=== REQUIRED WORK ===
Check the records below line by line, and report how many lines include the string "assumes". No other words are needed.

=== Excerpts from a dataset ===

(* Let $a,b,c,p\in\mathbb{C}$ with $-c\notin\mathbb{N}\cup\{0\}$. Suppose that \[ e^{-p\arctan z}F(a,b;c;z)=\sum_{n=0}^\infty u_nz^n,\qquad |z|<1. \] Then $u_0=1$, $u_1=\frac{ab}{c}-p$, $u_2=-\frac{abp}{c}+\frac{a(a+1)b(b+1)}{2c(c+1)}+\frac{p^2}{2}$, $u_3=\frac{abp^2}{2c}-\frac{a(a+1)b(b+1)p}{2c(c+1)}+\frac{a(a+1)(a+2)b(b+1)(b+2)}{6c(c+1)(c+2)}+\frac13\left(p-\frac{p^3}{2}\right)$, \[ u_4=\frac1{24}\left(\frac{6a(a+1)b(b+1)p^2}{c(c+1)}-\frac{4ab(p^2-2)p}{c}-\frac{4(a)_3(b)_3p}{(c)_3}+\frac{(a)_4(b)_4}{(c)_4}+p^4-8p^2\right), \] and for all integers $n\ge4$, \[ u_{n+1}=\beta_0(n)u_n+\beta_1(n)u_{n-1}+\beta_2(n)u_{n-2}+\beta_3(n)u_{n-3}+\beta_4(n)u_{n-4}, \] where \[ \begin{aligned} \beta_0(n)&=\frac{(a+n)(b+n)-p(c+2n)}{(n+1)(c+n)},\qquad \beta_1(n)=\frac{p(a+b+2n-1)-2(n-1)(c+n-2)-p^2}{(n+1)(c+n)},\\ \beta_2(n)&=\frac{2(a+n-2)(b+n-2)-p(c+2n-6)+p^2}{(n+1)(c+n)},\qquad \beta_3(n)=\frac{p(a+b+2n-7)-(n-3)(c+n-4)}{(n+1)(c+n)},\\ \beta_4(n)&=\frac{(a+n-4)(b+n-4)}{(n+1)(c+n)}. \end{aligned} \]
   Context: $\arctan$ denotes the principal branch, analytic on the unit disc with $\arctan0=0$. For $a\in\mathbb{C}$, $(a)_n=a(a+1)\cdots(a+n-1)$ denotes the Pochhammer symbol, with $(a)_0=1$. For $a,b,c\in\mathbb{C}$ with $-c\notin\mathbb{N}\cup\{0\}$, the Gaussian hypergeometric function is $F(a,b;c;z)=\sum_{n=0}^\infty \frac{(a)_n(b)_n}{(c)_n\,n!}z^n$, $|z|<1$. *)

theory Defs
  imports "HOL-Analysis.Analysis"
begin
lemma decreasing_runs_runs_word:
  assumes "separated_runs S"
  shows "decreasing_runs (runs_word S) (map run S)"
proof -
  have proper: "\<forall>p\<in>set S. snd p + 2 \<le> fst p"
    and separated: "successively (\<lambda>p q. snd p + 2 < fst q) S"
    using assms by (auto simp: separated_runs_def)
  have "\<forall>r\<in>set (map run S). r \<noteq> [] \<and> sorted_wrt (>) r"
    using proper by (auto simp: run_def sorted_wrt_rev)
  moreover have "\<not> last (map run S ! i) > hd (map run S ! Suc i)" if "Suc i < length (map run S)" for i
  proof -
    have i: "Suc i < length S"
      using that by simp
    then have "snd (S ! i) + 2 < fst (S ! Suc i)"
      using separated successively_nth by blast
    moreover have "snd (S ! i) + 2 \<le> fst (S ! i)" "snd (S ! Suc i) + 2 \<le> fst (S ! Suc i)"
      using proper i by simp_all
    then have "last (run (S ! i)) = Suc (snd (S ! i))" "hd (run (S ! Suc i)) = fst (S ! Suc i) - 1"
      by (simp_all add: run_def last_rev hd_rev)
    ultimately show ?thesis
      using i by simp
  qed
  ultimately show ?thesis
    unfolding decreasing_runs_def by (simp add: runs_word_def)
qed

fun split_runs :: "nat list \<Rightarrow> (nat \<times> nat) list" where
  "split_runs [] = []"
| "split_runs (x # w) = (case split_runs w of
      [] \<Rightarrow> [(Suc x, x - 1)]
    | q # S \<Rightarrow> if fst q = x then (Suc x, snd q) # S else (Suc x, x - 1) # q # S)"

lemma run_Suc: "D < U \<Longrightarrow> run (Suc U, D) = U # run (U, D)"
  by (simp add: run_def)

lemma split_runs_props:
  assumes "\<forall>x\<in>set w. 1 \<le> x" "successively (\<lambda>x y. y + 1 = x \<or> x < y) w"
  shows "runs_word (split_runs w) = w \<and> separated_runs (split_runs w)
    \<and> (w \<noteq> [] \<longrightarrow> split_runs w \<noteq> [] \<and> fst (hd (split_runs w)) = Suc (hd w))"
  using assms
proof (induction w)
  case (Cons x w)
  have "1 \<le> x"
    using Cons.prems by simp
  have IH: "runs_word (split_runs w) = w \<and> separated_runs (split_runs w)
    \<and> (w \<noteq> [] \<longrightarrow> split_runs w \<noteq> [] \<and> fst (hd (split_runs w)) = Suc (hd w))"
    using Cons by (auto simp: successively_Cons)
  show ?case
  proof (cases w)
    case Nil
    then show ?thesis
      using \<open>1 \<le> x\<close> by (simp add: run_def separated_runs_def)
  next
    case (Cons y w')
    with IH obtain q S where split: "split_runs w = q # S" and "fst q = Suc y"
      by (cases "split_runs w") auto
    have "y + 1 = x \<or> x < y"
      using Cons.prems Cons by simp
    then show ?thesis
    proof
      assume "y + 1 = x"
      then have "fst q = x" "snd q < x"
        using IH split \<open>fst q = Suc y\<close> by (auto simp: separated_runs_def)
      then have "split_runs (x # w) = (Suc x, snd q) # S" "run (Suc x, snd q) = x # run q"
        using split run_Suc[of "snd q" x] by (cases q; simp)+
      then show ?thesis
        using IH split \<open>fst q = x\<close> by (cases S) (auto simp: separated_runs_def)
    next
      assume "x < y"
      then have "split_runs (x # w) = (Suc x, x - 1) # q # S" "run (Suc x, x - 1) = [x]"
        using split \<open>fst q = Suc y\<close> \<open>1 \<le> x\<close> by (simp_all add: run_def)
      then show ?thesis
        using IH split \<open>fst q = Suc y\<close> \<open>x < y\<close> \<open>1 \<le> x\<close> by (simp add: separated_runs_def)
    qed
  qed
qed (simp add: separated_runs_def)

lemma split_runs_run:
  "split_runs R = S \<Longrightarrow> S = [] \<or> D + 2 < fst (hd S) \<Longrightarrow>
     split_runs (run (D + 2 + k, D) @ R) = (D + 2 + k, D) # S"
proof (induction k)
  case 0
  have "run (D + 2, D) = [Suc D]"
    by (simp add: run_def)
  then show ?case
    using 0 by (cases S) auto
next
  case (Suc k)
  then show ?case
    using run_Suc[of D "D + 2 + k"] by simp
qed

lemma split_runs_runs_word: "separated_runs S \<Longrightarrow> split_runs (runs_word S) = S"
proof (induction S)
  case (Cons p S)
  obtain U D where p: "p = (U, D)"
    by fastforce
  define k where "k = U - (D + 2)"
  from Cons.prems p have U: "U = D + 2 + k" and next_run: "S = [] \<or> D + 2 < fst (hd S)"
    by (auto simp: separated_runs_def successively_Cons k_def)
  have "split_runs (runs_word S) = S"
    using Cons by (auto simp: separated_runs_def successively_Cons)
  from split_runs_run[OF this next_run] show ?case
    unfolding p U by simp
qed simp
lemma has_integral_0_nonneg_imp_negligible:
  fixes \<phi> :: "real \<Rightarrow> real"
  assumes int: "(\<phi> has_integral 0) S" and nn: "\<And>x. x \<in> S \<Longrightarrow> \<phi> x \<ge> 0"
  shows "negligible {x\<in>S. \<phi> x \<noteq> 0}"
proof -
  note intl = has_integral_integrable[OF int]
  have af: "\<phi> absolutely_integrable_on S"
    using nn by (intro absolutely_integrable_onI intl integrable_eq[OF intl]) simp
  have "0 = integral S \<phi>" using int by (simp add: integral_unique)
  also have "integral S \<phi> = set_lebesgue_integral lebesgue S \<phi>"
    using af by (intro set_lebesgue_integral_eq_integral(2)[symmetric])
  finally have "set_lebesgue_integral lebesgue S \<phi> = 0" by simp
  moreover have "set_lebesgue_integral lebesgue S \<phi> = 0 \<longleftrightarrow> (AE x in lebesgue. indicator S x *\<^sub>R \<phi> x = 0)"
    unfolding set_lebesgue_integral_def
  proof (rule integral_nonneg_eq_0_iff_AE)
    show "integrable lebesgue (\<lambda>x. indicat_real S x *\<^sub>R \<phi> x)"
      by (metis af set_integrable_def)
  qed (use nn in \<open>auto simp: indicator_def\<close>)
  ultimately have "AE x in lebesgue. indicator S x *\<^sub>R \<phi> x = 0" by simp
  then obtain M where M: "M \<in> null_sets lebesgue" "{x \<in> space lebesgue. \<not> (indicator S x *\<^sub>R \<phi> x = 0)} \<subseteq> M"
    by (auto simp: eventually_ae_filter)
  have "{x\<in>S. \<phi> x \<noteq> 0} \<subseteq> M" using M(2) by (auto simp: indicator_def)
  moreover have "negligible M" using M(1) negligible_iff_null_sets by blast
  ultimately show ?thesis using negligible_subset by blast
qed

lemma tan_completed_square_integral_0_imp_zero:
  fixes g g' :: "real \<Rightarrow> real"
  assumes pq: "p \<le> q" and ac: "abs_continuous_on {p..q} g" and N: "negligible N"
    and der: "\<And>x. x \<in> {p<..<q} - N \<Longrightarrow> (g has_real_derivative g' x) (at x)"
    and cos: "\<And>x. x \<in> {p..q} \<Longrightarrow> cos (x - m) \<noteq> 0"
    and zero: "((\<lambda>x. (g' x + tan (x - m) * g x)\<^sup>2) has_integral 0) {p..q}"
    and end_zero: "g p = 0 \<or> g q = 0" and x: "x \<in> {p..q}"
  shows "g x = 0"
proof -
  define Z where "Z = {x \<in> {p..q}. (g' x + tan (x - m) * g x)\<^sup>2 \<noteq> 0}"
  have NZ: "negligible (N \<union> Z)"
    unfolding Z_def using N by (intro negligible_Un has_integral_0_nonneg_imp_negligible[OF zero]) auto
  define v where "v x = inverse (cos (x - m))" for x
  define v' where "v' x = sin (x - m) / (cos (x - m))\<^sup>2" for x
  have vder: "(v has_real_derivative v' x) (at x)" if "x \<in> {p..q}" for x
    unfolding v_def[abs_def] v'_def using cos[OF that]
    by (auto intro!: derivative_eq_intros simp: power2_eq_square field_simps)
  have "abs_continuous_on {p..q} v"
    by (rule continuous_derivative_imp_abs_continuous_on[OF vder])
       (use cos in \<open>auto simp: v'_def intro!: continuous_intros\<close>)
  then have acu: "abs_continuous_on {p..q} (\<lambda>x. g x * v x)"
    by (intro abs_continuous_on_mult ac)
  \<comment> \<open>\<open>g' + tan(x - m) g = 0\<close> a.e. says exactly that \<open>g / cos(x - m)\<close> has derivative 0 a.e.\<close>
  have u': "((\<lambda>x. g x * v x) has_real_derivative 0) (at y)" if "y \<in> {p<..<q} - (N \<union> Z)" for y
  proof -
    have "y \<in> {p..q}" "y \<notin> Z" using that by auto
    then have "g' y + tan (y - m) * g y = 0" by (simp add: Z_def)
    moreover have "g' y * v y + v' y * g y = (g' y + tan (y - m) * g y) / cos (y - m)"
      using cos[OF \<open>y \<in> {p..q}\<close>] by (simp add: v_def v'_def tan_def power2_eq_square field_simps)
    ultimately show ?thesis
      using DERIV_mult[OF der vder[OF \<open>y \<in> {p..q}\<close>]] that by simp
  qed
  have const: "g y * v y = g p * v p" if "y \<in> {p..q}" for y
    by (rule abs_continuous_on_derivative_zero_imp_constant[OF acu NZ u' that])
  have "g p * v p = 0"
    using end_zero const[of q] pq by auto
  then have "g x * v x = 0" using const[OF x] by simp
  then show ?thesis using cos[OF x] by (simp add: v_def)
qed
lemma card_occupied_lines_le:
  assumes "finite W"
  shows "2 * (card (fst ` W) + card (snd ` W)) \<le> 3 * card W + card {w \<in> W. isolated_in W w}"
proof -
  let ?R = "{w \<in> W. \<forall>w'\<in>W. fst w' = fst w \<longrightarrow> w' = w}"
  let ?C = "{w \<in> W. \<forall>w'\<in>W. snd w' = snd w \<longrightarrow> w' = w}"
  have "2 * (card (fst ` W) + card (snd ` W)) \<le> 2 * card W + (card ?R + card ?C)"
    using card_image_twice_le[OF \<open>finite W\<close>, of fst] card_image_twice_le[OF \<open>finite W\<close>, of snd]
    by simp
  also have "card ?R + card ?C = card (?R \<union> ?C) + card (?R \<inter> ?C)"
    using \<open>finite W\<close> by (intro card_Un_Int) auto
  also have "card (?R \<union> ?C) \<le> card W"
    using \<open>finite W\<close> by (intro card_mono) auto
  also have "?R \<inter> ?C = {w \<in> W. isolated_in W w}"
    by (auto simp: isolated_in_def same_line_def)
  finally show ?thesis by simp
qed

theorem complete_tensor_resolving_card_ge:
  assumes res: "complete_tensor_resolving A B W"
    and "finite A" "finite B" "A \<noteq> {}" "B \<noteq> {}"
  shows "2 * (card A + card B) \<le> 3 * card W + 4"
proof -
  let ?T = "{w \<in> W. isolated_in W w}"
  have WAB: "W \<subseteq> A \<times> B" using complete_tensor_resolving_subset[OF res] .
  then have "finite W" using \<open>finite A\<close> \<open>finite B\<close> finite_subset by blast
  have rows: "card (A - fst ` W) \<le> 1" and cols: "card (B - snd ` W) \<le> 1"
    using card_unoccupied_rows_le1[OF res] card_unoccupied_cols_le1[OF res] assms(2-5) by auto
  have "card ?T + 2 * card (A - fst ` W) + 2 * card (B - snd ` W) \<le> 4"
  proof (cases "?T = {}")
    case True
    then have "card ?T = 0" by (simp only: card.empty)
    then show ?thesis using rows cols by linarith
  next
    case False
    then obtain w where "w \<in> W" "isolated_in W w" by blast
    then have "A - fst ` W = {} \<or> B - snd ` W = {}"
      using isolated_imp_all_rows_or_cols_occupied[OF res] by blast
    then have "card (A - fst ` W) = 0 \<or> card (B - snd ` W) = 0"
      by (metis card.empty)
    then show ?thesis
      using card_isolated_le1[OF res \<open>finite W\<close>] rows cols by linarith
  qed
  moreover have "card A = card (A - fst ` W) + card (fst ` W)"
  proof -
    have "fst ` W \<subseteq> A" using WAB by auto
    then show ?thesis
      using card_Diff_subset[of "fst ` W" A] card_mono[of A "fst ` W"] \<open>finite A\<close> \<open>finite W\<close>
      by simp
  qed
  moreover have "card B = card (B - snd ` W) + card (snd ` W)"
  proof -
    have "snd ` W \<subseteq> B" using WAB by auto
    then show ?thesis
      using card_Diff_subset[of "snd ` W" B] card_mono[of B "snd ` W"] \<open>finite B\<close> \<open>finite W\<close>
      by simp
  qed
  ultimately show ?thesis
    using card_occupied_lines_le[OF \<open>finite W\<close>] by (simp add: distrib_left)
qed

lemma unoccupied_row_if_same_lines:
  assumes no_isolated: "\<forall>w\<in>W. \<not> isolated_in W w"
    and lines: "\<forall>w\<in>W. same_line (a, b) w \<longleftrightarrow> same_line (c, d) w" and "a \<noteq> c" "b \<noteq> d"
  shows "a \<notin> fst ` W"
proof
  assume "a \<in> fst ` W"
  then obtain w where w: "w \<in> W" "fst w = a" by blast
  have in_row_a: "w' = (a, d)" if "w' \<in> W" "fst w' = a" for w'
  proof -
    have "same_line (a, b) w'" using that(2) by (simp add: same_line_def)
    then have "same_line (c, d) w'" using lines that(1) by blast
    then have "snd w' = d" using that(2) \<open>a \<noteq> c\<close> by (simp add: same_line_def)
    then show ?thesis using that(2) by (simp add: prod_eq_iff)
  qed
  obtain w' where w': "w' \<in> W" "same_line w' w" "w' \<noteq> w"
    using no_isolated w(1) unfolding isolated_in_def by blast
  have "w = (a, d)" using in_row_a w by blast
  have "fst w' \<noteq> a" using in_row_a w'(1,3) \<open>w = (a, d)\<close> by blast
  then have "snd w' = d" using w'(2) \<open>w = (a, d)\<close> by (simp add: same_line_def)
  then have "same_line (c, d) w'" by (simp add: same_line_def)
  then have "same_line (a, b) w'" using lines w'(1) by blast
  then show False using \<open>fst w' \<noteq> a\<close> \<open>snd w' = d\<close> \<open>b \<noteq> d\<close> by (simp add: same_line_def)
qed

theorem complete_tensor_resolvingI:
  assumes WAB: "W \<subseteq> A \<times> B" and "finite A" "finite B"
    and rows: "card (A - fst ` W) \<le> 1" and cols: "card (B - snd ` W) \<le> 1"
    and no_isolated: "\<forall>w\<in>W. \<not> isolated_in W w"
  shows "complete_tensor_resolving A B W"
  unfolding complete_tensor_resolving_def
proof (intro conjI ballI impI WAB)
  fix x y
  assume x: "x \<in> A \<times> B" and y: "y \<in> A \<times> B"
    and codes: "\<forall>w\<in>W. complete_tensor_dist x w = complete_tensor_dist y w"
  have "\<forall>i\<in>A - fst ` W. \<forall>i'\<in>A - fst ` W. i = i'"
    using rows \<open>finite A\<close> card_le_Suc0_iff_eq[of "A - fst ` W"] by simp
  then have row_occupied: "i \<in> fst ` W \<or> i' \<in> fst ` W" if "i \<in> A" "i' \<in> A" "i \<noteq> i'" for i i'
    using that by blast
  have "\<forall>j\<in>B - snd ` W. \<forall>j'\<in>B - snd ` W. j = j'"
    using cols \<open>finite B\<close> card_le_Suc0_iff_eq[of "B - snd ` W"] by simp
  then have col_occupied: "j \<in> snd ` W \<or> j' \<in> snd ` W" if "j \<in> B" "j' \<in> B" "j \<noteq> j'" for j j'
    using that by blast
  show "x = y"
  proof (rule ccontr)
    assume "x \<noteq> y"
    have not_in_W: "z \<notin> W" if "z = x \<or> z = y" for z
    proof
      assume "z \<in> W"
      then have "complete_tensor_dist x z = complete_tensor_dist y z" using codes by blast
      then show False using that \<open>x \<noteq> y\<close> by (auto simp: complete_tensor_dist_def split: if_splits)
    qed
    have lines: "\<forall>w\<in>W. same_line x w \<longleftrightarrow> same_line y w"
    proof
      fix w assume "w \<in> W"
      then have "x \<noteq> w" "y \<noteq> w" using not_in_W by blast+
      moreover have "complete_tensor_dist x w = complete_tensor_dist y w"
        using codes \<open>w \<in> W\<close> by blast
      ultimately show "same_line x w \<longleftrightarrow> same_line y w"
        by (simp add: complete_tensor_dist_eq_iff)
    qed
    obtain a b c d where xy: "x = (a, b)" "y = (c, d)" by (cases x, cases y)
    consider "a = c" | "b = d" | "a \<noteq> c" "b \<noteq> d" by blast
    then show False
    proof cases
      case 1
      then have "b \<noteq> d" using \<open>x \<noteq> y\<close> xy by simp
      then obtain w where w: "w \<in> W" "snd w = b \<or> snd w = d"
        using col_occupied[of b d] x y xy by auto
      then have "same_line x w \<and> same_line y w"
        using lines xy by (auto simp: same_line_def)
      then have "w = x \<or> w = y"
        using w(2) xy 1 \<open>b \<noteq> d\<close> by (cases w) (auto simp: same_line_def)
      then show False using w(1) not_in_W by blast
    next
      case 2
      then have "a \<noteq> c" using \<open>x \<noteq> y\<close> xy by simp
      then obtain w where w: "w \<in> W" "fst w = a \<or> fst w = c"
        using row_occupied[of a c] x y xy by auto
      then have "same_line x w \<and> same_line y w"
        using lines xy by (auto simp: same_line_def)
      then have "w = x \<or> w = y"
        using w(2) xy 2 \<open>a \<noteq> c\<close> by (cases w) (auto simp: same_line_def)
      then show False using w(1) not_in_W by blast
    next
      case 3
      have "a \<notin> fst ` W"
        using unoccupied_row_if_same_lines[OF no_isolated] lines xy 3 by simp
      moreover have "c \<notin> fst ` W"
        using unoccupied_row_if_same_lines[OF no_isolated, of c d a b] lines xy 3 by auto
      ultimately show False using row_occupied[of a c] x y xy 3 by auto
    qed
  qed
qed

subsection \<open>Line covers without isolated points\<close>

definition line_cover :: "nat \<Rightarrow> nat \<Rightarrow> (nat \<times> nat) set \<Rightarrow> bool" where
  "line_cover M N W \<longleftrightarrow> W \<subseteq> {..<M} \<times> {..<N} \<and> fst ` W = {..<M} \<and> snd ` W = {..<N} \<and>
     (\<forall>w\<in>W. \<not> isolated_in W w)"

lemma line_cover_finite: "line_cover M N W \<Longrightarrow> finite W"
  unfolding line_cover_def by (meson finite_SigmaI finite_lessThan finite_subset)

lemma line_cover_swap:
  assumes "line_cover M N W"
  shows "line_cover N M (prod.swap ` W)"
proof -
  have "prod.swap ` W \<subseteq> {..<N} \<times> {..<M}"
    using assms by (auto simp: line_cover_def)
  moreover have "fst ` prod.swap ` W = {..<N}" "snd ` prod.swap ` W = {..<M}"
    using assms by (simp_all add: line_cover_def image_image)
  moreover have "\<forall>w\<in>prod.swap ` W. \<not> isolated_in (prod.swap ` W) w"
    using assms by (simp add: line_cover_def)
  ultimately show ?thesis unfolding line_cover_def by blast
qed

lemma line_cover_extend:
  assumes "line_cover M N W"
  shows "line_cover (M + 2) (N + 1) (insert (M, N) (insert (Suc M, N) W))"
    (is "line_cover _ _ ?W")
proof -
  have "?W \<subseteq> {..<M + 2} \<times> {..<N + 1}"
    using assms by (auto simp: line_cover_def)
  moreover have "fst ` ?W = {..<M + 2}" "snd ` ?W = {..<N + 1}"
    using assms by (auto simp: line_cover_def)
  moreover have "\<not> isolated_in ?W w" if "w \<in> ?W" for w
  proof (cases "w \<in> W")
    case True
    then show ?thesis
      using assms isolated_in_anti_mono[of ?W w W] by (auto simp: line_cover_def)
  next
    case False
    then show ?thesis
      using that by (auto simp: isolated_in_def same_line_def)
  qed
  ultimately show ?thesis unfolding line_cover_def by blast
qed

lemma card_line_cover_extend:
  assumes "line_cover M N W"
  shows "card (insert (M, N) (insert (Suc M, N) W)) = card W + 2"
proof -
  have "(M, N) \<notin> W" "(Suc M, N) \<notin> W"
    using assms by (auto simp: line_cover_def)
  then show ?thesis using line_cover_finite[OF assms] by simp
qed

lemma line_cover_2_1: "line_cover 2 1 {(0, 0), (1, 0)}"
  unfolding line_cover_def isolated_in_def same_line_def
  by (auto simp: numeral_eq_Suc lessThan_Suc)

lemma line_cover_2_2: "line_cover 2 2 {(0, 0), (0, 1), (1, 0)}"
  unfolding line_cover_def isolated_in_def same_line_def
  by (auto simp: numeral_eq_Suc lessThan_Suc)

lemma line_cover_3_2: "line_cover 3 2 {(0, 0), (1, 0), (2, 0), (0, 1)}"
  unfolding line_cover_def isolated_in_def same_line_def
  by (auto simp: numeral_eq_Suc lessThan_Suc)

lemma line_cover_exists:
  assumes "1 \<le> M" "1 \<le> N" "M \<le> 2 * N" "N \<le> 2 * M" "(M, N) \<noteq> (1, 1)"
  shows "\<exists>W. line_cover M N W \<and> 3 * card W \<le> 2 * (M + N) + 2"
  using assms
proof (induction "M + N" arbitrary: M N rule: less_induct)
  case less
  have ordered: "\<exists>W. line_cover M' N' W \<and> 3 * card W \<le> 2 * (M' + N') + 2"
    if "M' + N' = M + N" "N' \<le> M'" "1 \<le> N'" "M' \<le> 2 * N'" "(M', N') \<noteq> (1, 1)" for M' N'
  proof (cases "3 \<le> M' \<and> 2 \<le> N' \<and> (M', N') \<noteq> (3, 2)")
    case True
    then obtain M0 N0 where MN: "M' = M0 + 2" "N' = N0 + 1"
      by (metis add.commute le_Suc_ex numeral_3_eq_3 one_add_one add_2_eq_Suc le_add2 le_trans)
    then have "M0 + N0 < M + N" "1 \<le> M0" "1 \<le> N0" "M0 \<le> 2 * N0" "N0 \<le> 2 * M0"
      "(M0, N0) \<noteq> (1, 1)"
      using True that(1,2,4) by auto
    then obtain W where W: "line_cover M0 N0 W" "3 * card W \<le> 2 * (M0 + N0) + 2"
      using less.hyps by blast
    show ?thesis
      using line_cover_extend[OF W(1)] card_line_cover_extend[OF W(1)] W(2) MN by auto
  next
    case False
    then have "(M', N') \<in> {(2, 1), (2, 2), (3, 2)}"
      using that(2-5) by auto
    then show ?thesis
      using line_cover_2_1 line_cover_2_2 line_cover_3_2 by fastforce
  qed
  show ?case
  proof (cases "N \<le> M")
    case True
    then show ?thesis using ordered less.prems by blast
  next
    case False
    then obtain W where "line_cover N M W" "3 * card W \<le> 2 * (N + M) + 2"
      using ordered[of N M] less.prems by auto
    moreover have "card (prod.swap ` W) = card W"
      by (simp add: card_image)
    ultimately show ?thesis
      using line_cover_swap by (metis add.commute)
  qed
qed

=== OUTPUT BELOW ===
12